Students can add to 20 by using the context of a bus ride.

Relevance

If students want to be able to add well, it is important to be able to add to 20 using the context of a bus ride. The bus helps to make addition problems understandable and to visualize the addition.

Introduction

Show an image of a double decker bus where people are getting on. Ask if anyone has been on a busy bus. Then practice composing 10 in different ways with students. Ask the class how many more students you need to compose 10.

Development

Using the three images of busses on the interactive whiteboard, explain to students how the bus method works. You first count the passengers on the arriving bus, then you count the passengers waiting for the bus, and then you know how that the total number of passengers leaving with the bus is the first two numbers combined. The first addend of the problem is the number of passengers in the bus as it arrives to a stop. The second addend is the amount of passengers waiting for the bus at the stop. The total, or sum, is the combination of the two addends. Show this with an example where you first count to 10 and then continue counting on. Discuss two more bus problems where you can count the individuals from the image presented.
Tell the students that the image will now stay the same, that you can show a bus problem in one picture, and practice this with two bus problems. Next show students a bus problem in which they cannot count the passengers, but are given an abstract number. Explain that the first number is the first addend, the number of passengers on the bus, the second number is the second addend, the number of passengers waiting to get on. With this example, be sure to emphasize that students can add to 10, and then count on to make their addition easier. Practice the bus problems with abstract numbers as a class.

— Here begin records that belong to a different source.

text \<open>Take the minimum of g on the unit ball around a point x0 of finite value and propagate it
  outwards along rays from x0 by convexity.\<close>

lemma affine_norm_minorant:
  obtains x0 a k m where "g x0 = ereal a" "0 \<le> k" "\<And>y. ereal (m - k * norm (y - x0)) \<le> g y"
proof -
  obtain x0 where "g x0 \<noteq> \<infinity>" using proper unfolding proper_fun_def by auto
  then obtain a where a: "g x0 = ereal a" using g_not_MInf[of x0] by (cases "g x0") auto
  obtain y0 where "\<forall>y\<in>cball x0 1. g y0 \<le> g y"
    using lsc_fun_compact_attains_min[OF lsc compact_cball, of x0 1] by auto
  then have y0: "\<And>y. y \<in> cball x0 1 \<Longrightarrow> g y0 \<le> g y" by blast
  then have "g y0 \<le> ereal a" using a y0[of x0] by simp
  then obtain m where m: "g y0 = ereal m" "m \<le> a" using g_not_MInf[of y0] by (cases "g y0") auto
  have "ereal (m - (a - m) * norm (y - x0)) \<le> g y" for y
  proof (cases "norm (y - x0) \<le> 1")
    case True
    then have "g y0 \<le> g y" using y0 by (simp add: dist_norm norm_minus_commute)
    moreover have "ereal (m - (a - m) * norm (y - x0)) \<le> ereal m" using m(2) by simp
    ultimately show ?thesis using m(1) by (metis order.trans)
  next
    case False
    define r where "r = norm (y - x0)"
    define t where "t = 1 / r"
    have "1 < r" using False unfolding r_def by simp
    then have t: "0 \<le> t" "t \<le> 1" "t * r = 1" unfolding t_def by auto
    have "dist x0 ((1 - t) *\<^sub>R x0 + t *\<^sub>R y) = t * r"
      unfolding dist_norm r_def using t(1)
      by (simp add: algebra_simps norm_minus_commute flip: scaleR_diff_right)
    then have y0_le: "g y0 \<le> g ((1 - t) *\<^sub>R x0 + t *\<^sub>R y)" using t(3) by (intro y0) simp
    show ?thesis
    proof (cases "g y")
      case (real b)
      have "ereal m \<le> ereal ((1 - t) * a + t * b)"
        using y0_le g_convex_real[OF a real t(1,2)] m(1) by (metis order.trans)
      then have "m \<le> (1 - t) * a + t * b" by simp
      then have "r * m \<le> r * ((1 - t) * a + t * b)" using False r_def by (intro mult_left_mono) auto
      also have "\<dots> = r * a - a + b" using t(3) by (simp add: algebra_simps)
      finally have "r * m \<le> r * a - a + b" .
      moreover have "(a - m) * r = r * a - r * m" by (simp add: algebra_simps)
      ultimately show ?thesis using real m(2) unfolding r_def[symmetric] by simp
    qed (use g_not_MInf in auto)
  qed
  with a m(2) show thesis by (intro that[of x0 a "a - m" m]) auto
qed

lemma prox_objective_lsc: "lsc_fun (prox_objective \<gamma> g x)"
  unfolding prox_objective_def[abs_def]
  by (rule lsc_fun_add_continuous[OF lsc g_not_MInf]) (use pos in \<open>auto intro!: continuous_intros\<close>)

lemma prox_objective_has_min: "\<exists>p. \<forall>y. prox_objective \<gamma> g x p \<le> prox_objective \<gamma> g x y"
proof -
  obtain x0 a k m where a: "g x0 = ereal a" and "0 \<le> k"
    and low: "\<And>y. ereal (m - k * norm (y - x0)) \<le> g y"
    using affine_norm_minorant by blast
  define \<phi> where "\<phi> r = m - k * (r + norm x0) + (r - norm x)^2 / (2 * \<gamma>)" for r
  have \<phi>_le: "ereal (\<phi> (norm y)) \<le> prox_objective \<gamma> g x y" if "norm x \<le> norm y" for y
  proof -
    have "(norm y - norm x)^2 \<le> norm (y - x)^2"
      using that norm_triangle_ineq2[of y x] by (intro power_mono) auto
    then have "(norm y - norm x)^2 / (2 * \<gamma>) \<le> norm (y - x)^2 / (2 * \<gamma>)"
      using pos by (simp add: divide_right_mono)
    moreover have "k * norm (y - x0) \<le> k * (norm y + norm x0)"
      using \<open>0 \<le> k\<close> norm_triangle_ineq4[of y x0] by (intro mult_left_mono) auto
    ultimately have "ereal (\<phi> (norm y)) \<le> ereal (m - k * norm (y - x0)) + ereal (norm (y - x)^2 / (2 * \<gamma>))"
      unfolding \<phi>_def by simp
    also have "\<dots> \<le> prox_objective \<gamma> g x y"
      unfolding prox_objective_def using low by (rule add_right_mono)
    finally show ?thesis .
  qed
  have "filterlim \<phi> at_top at_top" unfolding \<phi>_def using pos by real_asymp
  then have "filterlim (\<lambda>y. \<phi> (norm y)) at_top at_infinity"
    by (rule filterlim_compose[OF _ filterlim_norm_at_top])
  then have "eventually (\<lambda>y. a + norm (x0 - x)^2 / (2 * \<gamma>) \<le> \<phi> (norm y)) at_infinity"
    unfolding filterlim_at_top by blast
  moreover have "eventually (\<lambda>y. norm x \<le> norm y) at_infinity"
    unfolding eventually_at_infinity by blast
  ultimately have "eventually (\<lambda>y. prox_objective \<gamma> g x x0 \<le> prox_objective \<gamma> g x y) at_infinity"
  proof eventually_elim
    case (elim y)
    have "prox_objective \<gamma> g x x0 = ereal (a + norm (x0 - x)^2 / (2 * \<gamma>))"
      unfolding prox_objective_def a by simp
    also have "\<dots> \<le> ereal (\<phi> (norm y))" using elim(1) by simp
    also have "\<dots> \<le> prox_objective \<gamma> g x y" using elim(2) by (rule \<phi>_le)
    finally show ?case .
  qed
  then show ?thesis by (rule lsc_fun_coercive_attains_min[OF prox_objective_lsc])
qed

lemma prox_objective_min_finite:
  assumes "\<forall>z. prox_objective \<gamma> g x p \<le> prox_objective \<gamma> g x z"
  shows "g p = ereal (real_of_ereal (g p))"
proof -
  obtain x0 where "g x0 \<noteq> \<infinity>" using proper unfolding proper_fun_def by auto
  then have "prox_objective \<gamma> g x x0 \<noteq> \<infinity>" unfolding prox_objective_def by simp
  then have "prox_objective \<gamma> g x p \<noteq> \<infinity>" using assms by (metis ereal_infty_less_eq(1))
  then show ?thesis using g_not_MInf[of p] unfolding prox_objective_def by (cases "g p") auto
qed

lemma prox_objective_min_unique:
  assumes p: "\<forall>z. prox_objective \<gamma> g x p \<le> prox_objective \<gamma> g x z"
    and q: "\<forall>z. prox_objective \<gamma> g x q \<le> prox_objective \<gamma> g x z"
  shows "p = q"
proof -
  define a b where "a = real_of_ereal (g p)" and "b = real_of_ereal (g q)"
  have ga: "g p = ereal a" and gb: "g q = ereal b"
    unfolding a_def b_def using prox_objective_min_finite p q by blast+
  define mid where "mid = (1 - 1/2) *\<^sub>R p + (1/2) *\<^sub>R q"
  have mid_sq: "norm (mid - x)^2 = (norm (p - x)^2 + norm (q - x)^2) / 2 - norm (p - q)^2 / 4"
    using norm_convex_combination_sq[of "1/2" p q x] unfolding mid_def by simp
  have "prox_objective \<gamma> g x p = prox_objective \<gamma> g x q" using p q by (blast intro: order.antisym)
  then have b_eq: "b = a + (norm (p - x)^2 - norm (q - x)^2) / (2 * \<gamma>)"
    unfolding prox_objective_def ga gb using pos by (simp add: field_simps)
  have "prox_objective \<gamma> g x p \<le> prox_objective \<gamma> g x mid" using p by blast
  also have "\<dots> \<le> ereal ((1 - 1/2) * a + (1/2) * b) + ereal (norm (mid - x)^2 / (2 * \<gamma>))"
    unfolding prox_objective_def
    by (rule add_right_mono) (unfold mid_def, rule g_convex_real[OF ga gb]; simp)
  finally have "a + norm (p - x)^2 / (2 * \<gamma>) \<le> a / 2 + b / 2 + norm (mid - x)^2 / (2 * \<gamma>)"
    unfolding prox_objective_def ga by simp
  also have "\<dots> = a + norm (p - x)^2 / (2 * \<gamma>) - norm (p - q)^2 / (8 * \<gamma>)"
    unfolding mid_sq b_eq using pos by (simp add: field_simps)
  finally have "norm (p - q)^2 / (8 * \<gamma>) \<le> 0" by linarith
  then show ?thesis using pos by (simp add: divide_le_0_iff)
qed

lemma prox_minimizes: "prox_objective \<gamma> g x (prox \<gamma> g x) \<le> prox_objective \<gamma> g x z"
proof -
  have "\<exists>!p. \<forall>z. prox_objective \<gamma> g x p \<le> prox_objective \<gamma> g x z"
    using prox_objective_has_min prox_objective_min_unique by blast
  from theI'[OF this] show ?thesis unfolding prox_def prox_objective_def by blast
qed

definition g_prox :: "'a \<Rightarrow> real" where
  "g_prox x = real_of_ereal (g (prox \<gamma> g x))"

definition env :: "'a \<Rightarrow> real" where
  "env x = real_of_ereal (moreau_env \<gamma> g x)"

lemma g_prox_finite: "g (prox \<gamma> g x) = ereal (g_prox x)"
  unfolding g_prox_def using prox_objective_min_finite prox_minimizes by blast

lemma moreau_env_eq: "moreau_env \<gamma> g x = ereal (g_prox x + norm (prox \<gamma> g x - x)^2 / (2 * \<gamma>))"
proof -
  have "moreau_env \<gamma> g x = (INF y. prox_objective \<gamma> g x y)"
    unfolding moreau_env_def prox_objective_def ..
  also have "\<dots> = prox_objective \<gamma> g x (prox \<gamma> g x)"
    using prox_minimizes by (intro order.antisym INF_lower INF_greatest) auto
  finally show ?thesis unfolding prox_objective_def g_prox_finite by simp
qed

lemma env_eq: "env x = g_prox x + norm (prox \<gamma> g x - x)^2 / (2 * \<gamma>)"
  unfolding env_def moreau_env_eq by simp

lemma env_le:
  assumes "g z \<le> ereal b"
  shows "env x \<le> b + norm (z - x)^2 / (2 * \<gamma>)"
proof -
  have "prox_objective \<gamma> g x (prox \<gamma> g x) \<le> prox_objective \<gamma> g x z" by (rule prox_minimizes)
  also have "\<dots> \<le> ereal b + ereal (norm (z - x)^2 / (2 * \<gamma>))"
    unfolding prox_objective_def using assms by (rule add_right_mono)
  finally show ?thesis unfolding env_eq prox_objective_def g_prox_finite by simp
qed

text \<open>Compare the objective at prox x with its value at (1 - t) prox x + t z and let t tend to 0.\<close>

lemma prox_variational_ineq:
  assumes "g z = ereal b"
  shows "g_prox x \<le> b + (prox \<gamma> g x - x) \<bullet> (z - prox \<gamma> g x) / \<gamma>"
proof -
  define p where "p = prox \<gamma> g x"
  define d where "d = (norm (z - x)^2 - norm (p - x)^2 - norm (p - z)^2) / (2 * \<gamma>)"
  define c where "c = norm (p - z)^2 / (2 * \<gamma>)"
  have "g_prox x \<le> b + d + t * c" if t: "0 < t" "t \<le> 1" for t
  proof -
    define pt where "pt = (1 - t) *\<^sub>R p + t *\<^sub>R z"
    have "prox_objective \<gamma> g x p \<le> prox_objective \<gamma> g x pt"
      unfolding p_def by (rule prox_minimizes)
    also have "\<dots> \<le> ereal ((1 - t) * g_prox x + t * b) + ereal (norm (pt - x)^2 / (2 * \<gamma>))"
      unfolding prox_objective_def pt_def
      by (rule add_right_mono, rule g_convex_real) (use assms g_prox_finite p_def t in auto)
    finally have "g_prox x + norm (p - x)^2 / (2 * \<gamma>)
        \<le> (1 - t) * g_prox x + t * b + norm (pt - x)^2 / (2 * \<gamma>)"
      unfolding prox_objective_def p_def g_prox_finite by simp
    then have "t * g_prox x \<le> t * b + (norm (pt - x)^2 - norm (p - x)^2) / (2 * \<gamma>)"
      by (simp add: algebra_simps diff_divide_distrib)
    also have "(norm (pt - x)^2 - norm (p - x)^2) / (2 * \<gamma>) = t * (d + t * c)"
      unfolding pt_def norm_convex_combination_sq d_def c_def using pos by (simp add: field_simps)
    finally have "t * g_prox x \<le> t * (b + d + t * c)" by (simp add: algebra_simps)
    then show ?thesis using t by simp
  qed
  then have "g_prox x \<le> b + d" by (rule le_of_le_add_mult_small)
  moreover have "d = (p - x) \<bullet> (z - p) / \<gamma>"
    unfolding d_def power2_norm_eq_inner using pos
    by (simp add: inner_diff_left inner_diff_right inner_commute field_simps)
  ultimately show ?thesis unfolding p_def by simp
qed

lemma prox_nonexpansive: "norm (prox \<gamma> g x - prox \<gamma> g y) \<le> norm (x - y)"
proof -
  define p q where "p = prox \<gamma> g x" and "q = prox \<gamma> g y"
  have "g_prox x \<le> g_prox y + (p - x) \<bullet> (q - p) / \<gamma>"
    using prox_variational_ineq[OF g_prox_finite[of y]] unfolding p_def q_def .
  moreover have "g_prox y \<le> g_prox x + (q - y) \<bullet> (p - q) / \<gamma>"
    using prox_variational_ineq[OF g_prox_finite[of x]] unfolding p_def q_def .
  ultimately have "0 \<le> ((p - x) \<bullet> (q - p) + (q - y) \<bullet> (p - q)) / \<gamma>"
    by (simp add: add_divide_distrib)
  then have "0 \<le> (p - x) \<bullet> (q - p) + (q - y) \<bullet> (p - q)"
    using pos by (simp add: zero_le_divide_iff)
  also have "\<dots> = (x - y) \<bullet> (p - q) - norm (p - q)^2"
    unfolding power2_norm_eq_inner by (simp add: inner_diff_left inner_diff_right inner_commute)
  finally have "norm (p - q) * norm (p - q) \<le> norm (x - y) * norm (p - q)"
    using norm_cauchy_schwarz[of "x - y" "p - q"] by (simp add: power2_eq_square)
  then show ?thesis unfolding p_def q_def by (cases "p = q") (auto simp: p_def q_def)
qed

lemma lipschitz_on_prox: "lipschitz_on 1 U (prox \<gamma> g)"
  by (rule lipschitz_onI) (simp_all add: dist_norm prox_nonexpansive)

lemma env_le_linearization:
  "env y \<le> env x + ((x - prox \<gamma> g x) \<bullet> (y - x) + norm (y - x)^2 / 2) / \<gamma>"
proof -
  define p where "p = prox \<gamma> g x"
  have "env y \<le> g_prox x + norm (p - y)^2 / (2 * \<gamma>)"
    by (rule env_le) (simp add: p_def g_prox_finite)
  also have "norm (p - y)^2 = norm (p - x)^2 + 2 * ((x - p) \<bullet> (y - x)) + norm (y - x)^2"
    unfolding power2_norm_eq_inner by (simp add: inner_diff_left inner_diff_right inner_commute)
  also have "g_prox x + \<dots> / (2 * \<gamma>) = env x + ((x - p) \<bullet> (y - x) + norm (y - x)^2 / 2) / \<gamma>"
    unfolding env_eq p_def[symmetric] using pos by (simp add: field_simps)
  finally show ?thesis unfolding p_def .
qed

Check that students understand addition to 20 with bus problems by asking the following questions:
- Which steps do you take to solve a bus problem?
- Is the number of passengers on the bus the first or second addend?
- What do you do with the passengers that get on the bus?

Guided practice

Students first determine which image matches the addition problem by selecting from multiple choice answers. Then they must determine the addition problem represented by an image on their own. Finally students must also calculate the sum of the bus problem.

Closing

Repeat the learning goal and ask which steps you take to solve a bus problem. Ask, using two examples, how many passengers are on a bus after more passengers get on. Finally ask students to form small groups and to create bus problems using 10-sided dice. They throw twice.The first throw is the number of passengers, and the second is the amount of waiting passengers. They then solve the problem.

Teaching tips

Students who have difficulty can be helped by repeating the steps of solving a bus problem. First counting the passengers on the bus, then counting how many are waiting for the bus, and finally counting all the passengers together. They can also be helped by the use of manipulatives to represent each passenger on the bus and waiting for the bus.